The difference between those two scenarios is what will separate you from the others. You can look at it as being subservient, or you can look at it as enhancing another’s life. The choice is yours. Choosing the latter will result in your happiness as well as the customer’s. This is not just about making them happy. It’s also your well being at stake. Everyone wins when you provide a connection.

It’s easy to forget we are facing people at our businesses with the EXACT same needs we have. It’s easy to see a transaction from an efficiency standpoint, and with that comes the lack of connection.  But it does not have to be that way, even if efficient transactions are your goal.  It only takes a moment to turn a mundane exchange into a meaningful connection between humans, with both parties needing the same thing.  People are longing for connections rooted in empathy and understanding. You have the opportunity to be one or more of those important connections.  Why wouldn’t you?

It’s not difficult to make a connection in even the simplest of exchanges.  And when you do, the customer or guest remembers how it made them feel. I guarantee it.

Creating A Sanctuary

The length of time you spend with a customer or guest obviously varies with the type of business relationship you have. If you are in certain types of sales, the relationship evolves over time., while if you are in retail the length of time you spend with a customer is comparatively short. Regardless of the length of your relationship with the customer, making the most of that time to make the customer feel good about where they are is what will be your biggest advantage over those who do not.

I work in an environment where guests stay for four to eight hours, giving me a chance to watch their comfort level change over the course of the day. It gives me a great advantage in identifying the things that customers respond to when creating a place in which they feel safe, validated, and comfortable. Whether you have that advantage or not, you have opportunities to connect with the guest in a way that makes them feel those things.
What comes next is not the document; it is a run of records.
definition hodge_endo :: "(complex^'n) set \<Rightarrow> (complex^'n) set \<Rightarrow> (complex^'n) set \<Rightarrow> rat^'n^'n \<Rightarrow> bool" where
  "hodge_endo H20 H11 H02 M \<longleftrightarrow>
     (\<forall>x\<in>H20. cmat M *v x \<in> H20) \<and> (\<forall>x\<in>H11. cmat M *v x \<in> H11) \<and> (\<forall>x\<in>H02. cmat M *v x \<in> H02)"

definition quad_field :: "int \<Rightarrow> real set" where
  "quad_field d = {of_rat p + of_rat q * sqrt (of_int d) | p q. True}"

definition real_embedding :: "int \<Rightarrow> (real \<Rightarrow> real) \<Rightarrow> bool" where
  "real_embedding d \<sigma> \<longleftrightarrow> \<sigma> 1 = 1 \<and>
     (\<forall>x\<in>quad_field d. \<forall>y\<in>quad_field d. \<sigma> (x + y) = \<sigma> x + \<sigma> y \<and> \<sigma> (x * y) = \<sigma> x * \<sigma> y)"

definition totally_positive :: "int \<Rightarrow> real \<Rightarrow> bool" where
  "totally_positive d x \<longleftrightarrow> x \<in> quad_field d \<and> (\<forall>\<sigma>. real_embedding d \<sigma> \<longrightarrow> \<sigma> x > 0)"

end

theory Submission
  imports
    Defs
    "HOL-Computational_Algebra.Polynomial_Factorial"
    "HOL-Computational_Algebra.Field_as_Ring"
begin

text \<open>
  The two real embeddings send \<open>a = d + \<surd>d\<close> to \<open>d \<plusminus> \<surd>d\<close>, both positive since \<open>\<surd>d < d\<close>.

  For the isometry question only determinants matter. Since \<open>J\<^sup>2 = d\<close> and \<open>d\<close> is not a
  rational square, \<open>det (t + J)\<close> divides \<open>(t\<^sup>2 - d)\<^sup>n\<close> with \<open>t\<^sup>2 - d\<close> irreducible, so
  \<open>n = 2m\<close> and \<open>det (t + J) = (t\<^sup>2 - d)\<^sup>m\<close> up to sign: multiplication by \<open>a\<close> has
  determinant \<open>N(a)\<^sup>m = (d\<^sup>2 - d)\<^sup>m\<close>. The Hodge--Riemann relations make \<open>\<psi>\<close> nondegenerate,
  so an isometry \<open>P\<close> from \<open>\<psi>\<close> to \<open>\<psi>\<^sub>a\<close> forces \<open>(d\<^sup>2 - d)\<^sup>m det(P)\<^sup>2 = \<plusminus>1\<close>. As \<open>m\<close>
  is odd, \<open>d (d - 1)\<close> would be a rational square, hence an integer square; but it lies
  strictly between \<open>(d - 1)\<^sup>2\<close> and \<open>d\<^sup>2\<close>.
\<close>

section \<open>Squares of integers and rationals\<close>

lemma int_square_of_rat_square:
  fixes r :: rat and n :: int
  assumes "r^2 = of_int n"
  shows "\<exists>m. n = m^2"
proof -
  obtain a b where ab: "quotient_of r = (a, b)" by (cases "quotient_of r") auto
  have b_pos: "b > 0" and coprime: "coprime a b" and r: "r = of_int a / of_int b"
    using quotient_of_denom_pos[OF ab] quotient_of_coprime[OF ab] quotient_of_div[OF ab] by auto
  have "of_int (a^2) = (of_int (n * b^2) :: rat)"
    using assms b_pos unfolding r by (simp add: power_divide field_simps)
  hence a_sq: "a^2 = n * b^2" by (rule of_int_eq_iff[THEN iffD1])
  have "coprime (b^2) (a^2)" using coprime by (simp add: coprime_commute)
  with a_sq have "is_unit (b^2)" using coprime_common_divisor[of "b^2" "a^2" "b^2"] by simp
  hence "b^2 = 1" by simp
  thus ?thesis using a_sq by auto
qed

lemma squarefree_int_not_square:
  fixes d m :: int
  assumes "d > 1" and "squarefree d"
  shows "d \<noteq> m^2"
proof
  assume d: "d = m^2"
  hence "is_unit m" using assms(2) unfolding squarefree_def by simp
  hence "\<bar>m\<bar> = 1" by simp
  hence "m^2 = 1" by (metis power2_abs power_one)
  thus False using d assms(1) by simp
qed

lemma mult_pred_not_square:
  fixes d m :: int
  assumes "d > 1"
  shows "d * (d - 1) \<noteq> m^2"
proof
  assume sq: "d * (d - 1) = m^2"
  show False
  proof (cases "\<bar>m\<bar> \<le> d - 1")
    case True
    hence "\<bar>m\<bar>^2 \<le> (d - 1)^2" by (intro power_mono) auto
    thus False using sq assms by (simp add: power2_eq_square algebra_simps)
  next
    case False
    hence "d^2 \<le> \<bar>m\<bar>^2" using assms by (intro power_mono) auto
    thus False using sq assms by (simp add: power2_eq_square algebra_simps)
  qed
qed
Even if the relationship lasts a short time, you can help meet their emotional needs with your interaction. No, you’re not a psychologist (unless you happen to be a psychologist who is reading this), nor are you expected to be, but you can make positive human connections in a short period of time.

Let’s say your interaction lasts three minutes or less. What the heck can you do? Well smiling is always the best way to start. It is welcoming, and the start of any good relationship. You can let them know you appreciate them, or that they have made a smart purchase. And something as simple as telling someone to have a good day, in a way that is sincere, can make someone more at ease and willing to return in the future. This is a great discussion to have with your front line staff in the future. Maybe tomorrow?

If your sales interaction is longer, you have more opportunities to truly connect with that person as a fellow human, sharing interests, discussing their purchase decision, and developing a real relationship with them that makes them comfortable when they are at your business.

That moment a guest realizes they are in a safe, welcoming place is a great moment to witness in business. It means a good things for everyone involved.

However, if you make your business a place of sanctuary from the sometimes cruel world, you create not only more business, but more community. And communities are places people have a real need to be a part of these days.

The Non Business (Human) Lesson: Your relationships may vary, not only with whom, but how much time you get to spend with them. Make that time, no matter how long or short, significant. Make real connections with them. That’s what matters with humans. It matters a lot.